How to ensure optimal outcomes following Bariatric Surgery 


To ensure positive outcomes of bariatric surgery, you must take ownership in maintaining an optimal nutritional status. Nutritional deficiencies are common in the obese population, which are also common after even the most successful bariatric surgical procedures. Taking ownership means knowing what nutrients should be monitored and preventing/correcting these deficiencies.   


What are specific vitamin (micronutrient) deficiencies seen in the bariatric population?


Despite the high caloric intake seen in the obese population, malnutrition is still common. Interestingly, obesity is typically a chronic pro-inflammatory status, and this increase in inflammation increases the risk of micronutrient malnutrition. The elevated blood level of an obese person's C-Reactive Protein level is a good indicator of the chronic pro-inflammatory response. With this knowledge in hand, it is clear why obese patients considering bariatric surgery must undergo extensive blood analysis of their micronutrients. 
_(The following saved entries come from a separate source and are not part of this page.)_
(* Let $(\Delta x,\Delta y)\in\mathbb{R}^2$, $(o_x,o_y)\in\mathbb{R}^2$, $(x_0,y_0,\theta_0)\in\mathbb{R}^3$, $R>0$ and $t_{\max}>0$. Consider the forward left-turning arc robot path $$x(t)=x_0-R\sin\theta_0+R\sin(\theta_0+t),\quad y(t)=y_0+R\cos\theta_0-R\cos(\theta_0+t),\quad \theta(t)=\theta_0+t,\qquad t\in(0,t_{\max}),$$ (an arc of radius $R$ with centre angle $t_{\max}$), and let the anchoring point have world coordinates $\tilde x(t)=x(t)+\cos\theta(t)\Delta x-\sin\theta(t)\Delta y$, $\tilde y(t)=y(t)+\sin\theta(t)\Delta x+\cos\theta(t)\Delta y$, assumed different from $(o_x,o_y)$ for all $t$. Define $$A=o_x-x_0+R\sin\theta_0,\quad B=o_y-y_0-R\cos\theta_0,\quad C=A\Delta x-BR+B\Delta y,\quad D=AR-A\Delta y+B\Delta x,$$ assume $(C,D)\neq(0,0)$, and let $\varphi$ be the angle with $\cos\varphi=\frac{C}{\sqrt{C^2+D^2}}$, $\sin\varphi=\frac{D}{\sqrt{C^2+D^2}}$. If either $$\frac{A^2+B^2}{\sqrt{C^2+D^2}}>\cos(t+\theta_0-\varphi)\ \text{ for all } t\in(0,t_{\max}),$$ or $$\frac{A^2+B^2}{\sqrt{C^2+D^2}}<\cos(t+\theta_0-\varphi)\ \text{ for all } t\in(0,t_{\max}),$$ then the relative angle function $\Phi(t)=\arctan\left(\frac{o_y-\tilde y(t)}{o_x-\tilde x(t)}\right)-\theta(t)$ is monotonic on $(0,t_{\max})$.
   Context: $(\Delta x,\Delta y)$ is the position of the tether–robot anchoring point $s$ in the robot's egocentric frame, and $(o_x,o_y)$ is the (fixed) position of the last tether–obstacle contact point $o$ in the world frame. In $\Phi$, $\arctan\left(\frac{o_y-\tilde y}{o_x-\tilde x}\right)$ denotes the direction angle of the vector from $(\tilde x,\tilde y)$ to $(o_x,o_y)$, taken as a continuous (differentiable) branch along the path. *)

theory Defs
  imports "HOL-Analysis.Analysis"
begin

definition arc_x :: "real \<Rightarrow> real \<Rightarrow> real \<Rightarrow> real \<Rightarrow> real" where
  "arc_x x0 \<theta>0 R t = x0 - R * sin \<theta>0 + R * sin (\<theta>0 + t)"

definition arc_y :: "real \<Rightarrow> real \<Rightarrow> real \<Rightarrow> real \<Rightarrow> real" where
  "arc_y y0 \<theta>0 R t = y0 + R * cos \<theta>0 - R * cos (\<theta>0 + t)"

definition arc_theta :: "real \<Rightarrow> real \<Rightarrow> real" where
  "arc_theta \<theta>0 t = \<theta>0 + t"

definition anchor_x :: "real \<Rightarrow> real \<Rightarrow> real \<Rightarrow> real \<Rightarrow> real \<Rightarrow> real \<Rightarrow> real" where
  "anchor_x dx dy x0 \<theta>0 R t =
     arc_x x0 \<theta>0 R t + cos (arc_theta \<theta>0 t) * dx - sin (arc_theta \<theta>0 t) * dy"

definition anchor_y :: "real \<Rightarrow> real \<Rightarrow> real \<Rightarrow> real \<Rightarrow> real \<Rightarrow> real \<Rightarrow> real" where
  "anchor_y dx dy y0 \<theta>0 R t =
     arc_y y0 \<theta>0 R t + sin (arc_theta \<theta>0 t) * dx + cos (arc_theta \<theta>0 t) * dy"

end

theory Submission
  imports Defs
begin

text \<open>
  If \<open>(u, v)\<close> is the vector from the anchor to \<open>o\<close> and \<open>\<alpha>\<close> a continuous polar angle of it,
  then \<open>\<alpha>' = (u v' - v u') / (u\<^sup>2 + v\<^sup>2)\<close>. Along the arc the numerator of \<open>\<Phi>' = \<alpha>' - 1\<close>
  collapses to \<open>C cos \<theta> + D sin \<theta> - (A\<^sup>2 + B\<^sup>2) = \<surd>(C\<^sup>2 + D\<^sup>2) cos (\<theta> - \<phi>) - (A\<^sup>2 + B\<^sup>2)\<close>
  (the terms quadratic in the offsets cancel), so either hypothesis fixes the sign of \<open>\<Phi>'\<close>
  on the whole interval, and the mean value theorem gives monotonicity.
\<close>

lemma arg_eq_add_arctan_rotated:
  fixes r \<beta> a :: real
  assumes "r > 0" and "\<bar>\<beta> - a\<bar> < pi / 2"
  shows "\<beta> = a + arctan ((r * sin \<beta> * cos a - r * cos \<beta> * sin a) /
                           (r * cos \<beta> * cos a + r * sin \<beta> * sin a))"
proof -
  have "(r * sin \<beta> * cos a - r * cos \<beta> * sin a) / (r * cos \<beta> * cos a + r * sin \<beta> * sin a)
        = (r * sin (\<beta> - a)) / (r * cos (\<beta> - a))"
    unfolding sin_diff cos_diff by (simp add: algebra_simps)
  also have "\<dots> = tan (\<beta> - a)"
    using assms(1) by (simp add: tan_def)
  also have "arctan (tan (\<beta> - a)) = \<beta> - a"
    using assms(2) unfolding abs_less_iff by (intro arctan_tan) auto
  finally show ?thesis by simp
qed

lemma polar_sum_squares:
  fixes r \<beta> :: real
  shows "(r * cos \<beta>)\<^sup>2 + (r * sin \<beta>)\<^sup>2 = r\<^sup>2"
  by (simp add: power_mult_distrib flip: distrib_left)

lemma polar_angle_has_real_derivative:
  fixes u v \<alpha> :: "real \<Rightarrow> real"
  assumes "open S" and "t0 \<in> S" and "continuous_on S \<alpha>"
    and polar: "\<And>t. t \<in> S \<Longrightarrow> \<exists>r>0. u t = r * cos (\<alpha> t) \<and> v t = r * sin (\<alpha> t)"
    and u': "(u has_real_derivative u') (at t0)" and v': "(v has_real_derivative v') (at t0)"
  shows "(\<alpha> has_real_derivative (u t0 * v' - v t0 * u') / ((u t0)\<^sup>2 + (v t0)\<^sup>2)) (at t0)"
proof -
  \<comment> \<open>Near \<open>t0\<close> the angle stays within \<open>\<pi>/2\<close> of \<open>a = \<alpha> t0\<close>, so it is \<open>a\<close> plus the arctan
      of the slope of \<open>(u, v)\<close> rotated by \<open>-a\<close>, which is differentiable.\<close>
  define a where "a = \<alpha> t0"
  obtain r0 where r0: "r0 > 0" "u t0 = r0 * cos a" "v t0 = r0 * sin a"
    using polar assms(2) unfolding a_def by blast
  have "isCont \<alpha> t0"
    using assms(1-3) continuous_on_eq_continuous_at by blast
  then obtain e where "e > 0" and e: "\<And>t. dist t t0 < e \<Longrightarrow> \<bar>\<alpha> t - a\<bar> < pi / 2"
    unfolding continuous_at_eps_delta a_def dist_real_def by (meson pi_half_gt_zero)
  define T where "T = S \<inter> ball t0 e"
  have T: "open T" "t0 \<in> T"
    using assms(1,2) \<open>e > 0\<close> by (auto simp: T_def)
  define f where "f t = u t * cos a + v t * sin a" for t
  define g where "g t = v t * cos a - u t * sin a" for t
  have local_arctan: "\<alpha> t = a + arctan (g t / f t)" if "t \<in> T" for t
  proof -
    obtain r where "r > 0" "u t = r * cos (\<alpha> t)" "v t = r * sin (\<alpha> t)"
      using polar \<open>t \<in> T\<close> by (auto simp: T_def)
    moreover have "\<bar>\<alpha> t - a\<bar> < pi / 2"
      using e \<open>t \<in> T\<close> by (auto simp: T_def dist_commute)
    ultimately show ?thesis
      unfolding f_def g_def by (auto intro: arg_eq_add_arctan_rotated)
  qed
  have f0: "f t0 = r0" and g0: "g t0 = 0"
    unfolding f_def g_def r0 by (simp_all add: algebra_simps flip: power2_eq_square distrib_left)
  have "((\<lambda>t. a + arctan (g t / f t)) has_real_derivative (v' * cos a - u' * sin a) / r0) (at t0)"
  proof -
    have "(f has_real_derivative u' * cos a + v' * sin a) (at t0)"
      and "(g has_real_derivative v' * cos a - u' * sin a) (at t0)"
      unfolding f_def g_def by (auto intro!: derivative_eq_intros u' v')
    then show ?thesis
      using \<open>r0 > 0\<close> by (auto intro!: derivative_eq_intros simp: f0 g0)
  qed
  then have "(\<alpha> has_real_derivative (v' * cos a - u' * sin a) / r0) (at t0)"
    by (rule has_field_derivative_transform_within_open[OF _ T]) (simp add: local_arctan)
  moreover have "(u t0)\<^sup>2 + (v t0)\<^sup>2 = r0\<^sup>2"
    unfolding r0 by (rule polar_sum_squares)
  moreover have "u t0 * v' - v t0 * u' = r0 * (v' * cos a - u' * sin a)"
    unfolding r0 by (simp add: algebra_simps)
  ultimately show ?thesis
    using \<open>r0 > 0\<close> by (simp add: power2_eq_square)
qed

lemma mono_on_if_has_real_derivative_nonneg:
  fixes f f' :: "real \<Rightarrow> real"
  assumes "is_interval S"
    and f': "\<And>t. t \<in> S \<Longrightarrow> (f has_real_derivative f' t) (at t)"
    and nonneg: "\<And>t. t \<in> S \<Longrightarrow> f' t \<ge> 0"
  shows "mono_on S f"
proof (rule mono_onI)
  fix x y assume "x \<in> S" "y \<in> S" "x \<le> y"
  show "f x \<le> f y"
  proof (rule DERIV_nonneg_imp_nondecreasing[OF \<open>x \<le> y\<close>])
    fix z assume "x \<le> z" "z \<le> y"
    with \<open>is_interval S\<close> \<open>x \<in> S\<close> \<open>y \<in> S\<close> have "z \<in> S"
      unfolding is_interval_1 by blast
    then show "\<exists>d. (f has_real_derivative d) (at z) \<and> d \<ge> 0"
      using f' nonneg by blast
  qed
qed

lemma antimono_on_if_has_real_derivative_nonpos:
  fixes f f' :: "real \<Rightarrow> real"
  assumes "is_interval S"
    and f': "\<And>t. t \<in> S \<Longrightarrow> (f has_real_derivative f' t) (at t)"
    and nonpos: "\<And>t. t \<in> S \<Longrightarrow> f' t \<le> 0"
  shows "antimono_on S f"
proof -
  have "mono_on S (\<lambda>t. - f t)"
    using assms(1) by (rule mono_on_if_has_real_derivative_nonneg)
      (use f' nonpos in \<open>auto intro!: derivative_eq_intros\<close>)
  then show ?thesis
    by (simp add: monotone_on_def)
qed

lemma mono_on_or_antimono_on_if_has_real_derivative_sign:
  fixes f f' :: "real \<Rightarrow> real"
  assumes "is_interval S"
    and "\<And>t. t \<in> S \<Longrightarrow> (f has_real_derivative f' t) (at t)"
    and "(\<forall>t\<in>S. f' t \<le> 0) \<or> (\<forall>t\<in>S. f' t \<ge> 0)"
  shows "mono_on S f \<or> antimono_on S f"
  using assms mono_on_if_has_real_derivative_nonneg antimono_on_if_has_real_derivative_nonpos
  by metis

lemma sqrt_sum_squares_mul_cos_diff:
  fixes C D \<phi> x :: real
  assumes "cos \<phi> = C / sqrt (C\<^sup>2 + D\<^sup>2)" and "sin \<phi> = D / sqrt (C\<^sup>2 + D\<^sup>2)"
  shows "sqrt (C\<^sup>2 + D\<^sup>2) * cos (x - \<phi>) = C * cos x + D * sin x"
proof (cases "C = 0 \<and> D = 0")
  case False
  then have "sqrt (C\<^sup>2 + D\<^sup>2) \<noteq> 0"
    by (simp add: sum_power2_eq_zero_iff)
  then show ?thesis
    unfolding cos_diff assms by (simp add: field_simps)
qed simp

lemma anchor_offset_x:
  "ox - anchor_x dx dy x0 \<theta>0 R t
     = (ox - x0 + R * sin \<theta>0) - dx * cos (\<theta>0 + t) - (R - dy) * sin (\<theta>0 + t)"
  unfolding anchor_x_def arc_x_def arc_theta_def by (simp add: algebra_simps)

lemma anchor_offset_y:
  "oy - anchor_y dx dy y0 \<theta>0 R t
     = (oy - y0 - R * cos \<theta>0) - dx * sin (\<theta>0 + t) + (R - dy) * cos (\<theta>0 + t)"
  unfolding anchor_y_def arc_y_def arc_theta_def by (simp add: algebra_simps)

lemma relative_angle_has_real_derivative:
  fixes dx dy ox oy x0 y0 \<theta>0 R t :: real and \<alpha> :: "real \<Rightarrow> real"
  defines "u \<equiv> \<lambda>t. ox - anchor_x dx dy x0 \<theta>0 R t"
    and "v \<equiv> \<lambda>t. oy - anchor_y dx dy y0 \<theta>0 R t"
    and "A \<equiv> ox - x0 + R * sin \<theta>0" and "B \<equiv> oy - y0 - R * cos \<theta>0"
  assumes S: "open S" "t \<in> S" and cont: "continuous_on S \<alpha>"
    and polar: "\<And>t. t \<in> S \<Longrightarrow> \<exists>r>0. u t = r * cos (\<alpha> t) \<and> v t = r * sin (\<alpha> t)"
  shows "((\<lambda>t. \<alpha> t - arc_theta \<theta>0 t) has_real_derivative
           ((A * dx - B * R + B * dy) * cos (\<theta>0 + t) + (A * R - A * dy + B * dx) * sin (\<theta>0 + t)
             - (A\<^sup>2 + B\<^sup>2)) / ((u t)\<^sup>2 + (v t)\<^sup>2)) (at t)"
proof -
  define c s where "c = cos (\<theta>0 + t)" and "s = sin (\<theta>0 + t)"
  define u' v' where "u' = dx * s - (R - dy) * c" and "v' = - dx * c - (R - dy) * s"
  have u: "u = (\<lambda>t. A - dx * cos (\<theta>0 + t) - (R - dy) * sin (\<theta>0 + t))"
    and v: "v = (\<lambda>t. B - dx * sin (\<theta>0 + t) + (R - dy) * cos (\<theta>0 + t))"
    unfolding u_def v_def A_def B_def anchor_offset_x anchor_offset_y by simp_all
  obtain r where "r > 0" "u t = r * cos (\<alpha> t)" "v t = r * sin (\<alpha> t)"
    using polar S(2) by blast
  then have N: "(u t)\<^sup>2 + (v t)\<^sup>2 \<noteq> 0"
    by (simp add: polar_sum_squares)
  have "(u has_real_derivative u') (at t)" "(v has_real_derivative v') (at t)"
    unfolding u v u'_def v'_def c_def s_def by (auto intro!: derivative_eq_intros)
  then have "((\<lambda>t. \<alpha> t - arc_theta \<theta>0 t) has_real_derivative
      (u t * v' - v t * u') / ((u t)\<^sup>2 + (v t)\<^sup>2) - 1) (at t)"
    using polar_angle_has_real_derivative[OF S cont polar]
    unfolding arc_theta_def by (auto intro!: derivative_eq_intros)
  also have "(u t * v' - v t * u') / ((u t)\<^sup>2 + (v t)\<^sup>2) - 1
      = (u t * v' - v t * u' - ((u t)\<^sup>2 + (v t)\<^sup>2)) / ((u t)\<^sup>2 + (v t)\<^sup>2)"
    using N by (simp add: diff_divide_distrib)
  also have "u t * v' - v t * u' - ((u t)\<^sup>2 + (v t)\<^sup>2)
      = (A * dx - B * R + B * dy) * c + (A * R - A * dy + B * dx) * s - (A\<^sup>2 + B\<^sup>2)"
    unfolding u v u'_def v'_def c_def [symmetric] s_def [symmetric]
    by (simp add: power2_eq_square algebra_simps)
  finally show ?thesis
    unfolding c_def s_def .
qed

theorem theorem3:
  fixes dx dy ox oy x0 y0 \<theta>0 R tmax A B C D \<phi> :: real
    and \<alpha> :: "real \<Rightarrow> real"
  assumes R_pos: "R > 0" and tmax_pos: "tmax > 0"
    and anchor_ne: "\<forall>t\<in>{0<..<tmax}.
         (anchor_x dx dy x0 \<theta>0 R t, anchor_y dx dy y0 \<theta>0 R t) \<noteq> (ox, oy)"
    and A_def: "A = ox - x0 + R * sin \<theta>0"
    and B_def: "B = oy - y0 - R * cos \<theta>0"
    and C_def: "C = A * dx - B * R + B * dy"
    and D_def: "D = A * R - A * dy + B * dx"
    and CD_nz: "(C, D) \<noteq> (0, 0)"
    and phi_cos: "cos \<phi> = C / sqrt (C\<^sup>2 + D\<^sup>2)"
    and phi_sin: "sin \<phi> = D / sqrt (C\<^sup>2 + D\<^sup>2)"
    and alpha_cont: "continuous_on {0<..<tmax} \<alpha>"
    and alpha_dir: "\<forall>t\<in>{0<..<tmax}. \<exists>r>0.
         ox - anchor_x dx dy x0 \<theta>0 R t = r * cos (\<alpha> t) \<and>
         oy - anchor_y dx dy y0 \<theta>0 R t = r * sin (\<alpha> t)"
    and cond: "(\<forall>t\<in>{0<..<tmax}. (A\<^sup>2 + B\<^sup>2) / sqrt (C\<^sup>2 + D\<^sup>2) > cos (t + \<theta>0 - \<phi>))
             \<or> (\<forall>t\<in>{0<..<tmax}. (A\<^sup>2 + B\<^sup>2) / sqrt (C\<^sup>2 + D\<^sup>2) < cos (t + \<theta>0 - \<phi>))"
  shows "mono_on {0<..<tmax} (\<lambda>t. \<alpha> t - arc_theta \<theta>0 t)
       \<or> antimono_on {0<..<tmax} (\<lambda>t. \<alpha> t - arc_theta \<theta>0 t)"
proof -
  let ?S = "{0<..<tmax}"
  let ?N = "\<lambda>t. (ox - anchor_x dx dy x0 \<theta>0 R t)\<^sup>2 + (oy - anchor_y dx dy y0 \<theta>0 R t)\<^sup>2"
  define K where "K = sqrt (C\<^sup>2 + D\<^sup>2)"
  let ?\<Phi>' = "\<lambda>t. K * (cos (t + \<theta>0 - \<phi>) - (A\<^sup>2 + B\<^sup>2) / K) / ?N t"
  have K_pos: "K > 0"
    using CD_nz by (simp add: K_def sum_power2_gt_zero_iff)
  have N_pos: "?N t > 0" if "t \<in> ?S" for t
    using alpha_dir that by (force simp: polar_sum_squares)
  have "((\<lambda>t. \<alpha> t - arc_theta \<theta>0 t) has_real_derivative ?\<Phi>' t) (at t)" if "t \<in> ?S" for t
  proof -
    have "((\<lambda>t. \<alpha> t - arc_theta \<theta>0 t) has_real_derivative
        (C * cos (\<theta>0 + t) + D * sin (\<theta>0 + t) - (A\<^sup>2 + B\<^sup>2)) / ?N t) (at t)"
      unfolding C_def D_def A_def B_def
      by (rule relative_angle_has_real_derivative) (use that alpha_cont alpha_dir in auto)
    moreover have "C * cos (\<theta>0 + t) + D * sin (\<theta>0 + t) = K * cos (t + \<theta>0 - \<phi>)"
      using sqrt_sum_squares_mul_cos_diff[OF phi_cos phi_sin, of "\<theta>0 + t"] by (simp add: K_def add.commute)
    ultimately show ?thesis
      using K_pos by (simp add: right_diff_distrib)
  qed
  moreover have "(\<forall>t\<in>?S. ?\<Phi>' t \<le> 0) \<or> (\<forall>t\<in>?S. ?\<Phi>' t \<ge> 0)"
    using cond K_pos N_pos unfolding K_def[symmetric]
    by (elim disj_forward) (auto intro!: divide_nonneg_pos divide_nonpos_pos mult_nonneg_nonneg mult_nonneg_nonpos)
  ultimately show ?thesis
    by (intro mono_on_or_antimono_on_if_has_real_derivative_sign) (auto simp: is_interval_1)
qed

end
Common micronutrient  deficiencies in the obese population: 


  • Vitamin D (most common) 

  • Magnesium

  • Phosphate

  • Iron

  • Vitamin A

  • Folate

  • Calcium

  • Vitamin B 12

  • Albumin 


Thiamine malabsorption is common following bariatric surgery, leading to thiamine deficiency. This deficiency can lead to excessive bacterial growth in the small intestines.  


A riboflavin deficiency often causes skin irritations and mouth ulcerations.

After bariatric surgery, a folic acid deficiency is commonly observed, which often causes excessive weakness.


Malabsorption and poor food intake following bariatric surgery are the main reasons for Vitamin B12 deficiencies. This deficiency is often demonstrated with weakness and lightheadedness.


Vitamin C is observed frequently following bariatric surgery. Not being able to eat enough fresh fruits and vegetables post-operatively can cause this deficiency. People feel tired, weak, and irritable. Severe deficiency, called scurvy, causes bruising, gum and dental problems, dry hair and skin, and anemia. 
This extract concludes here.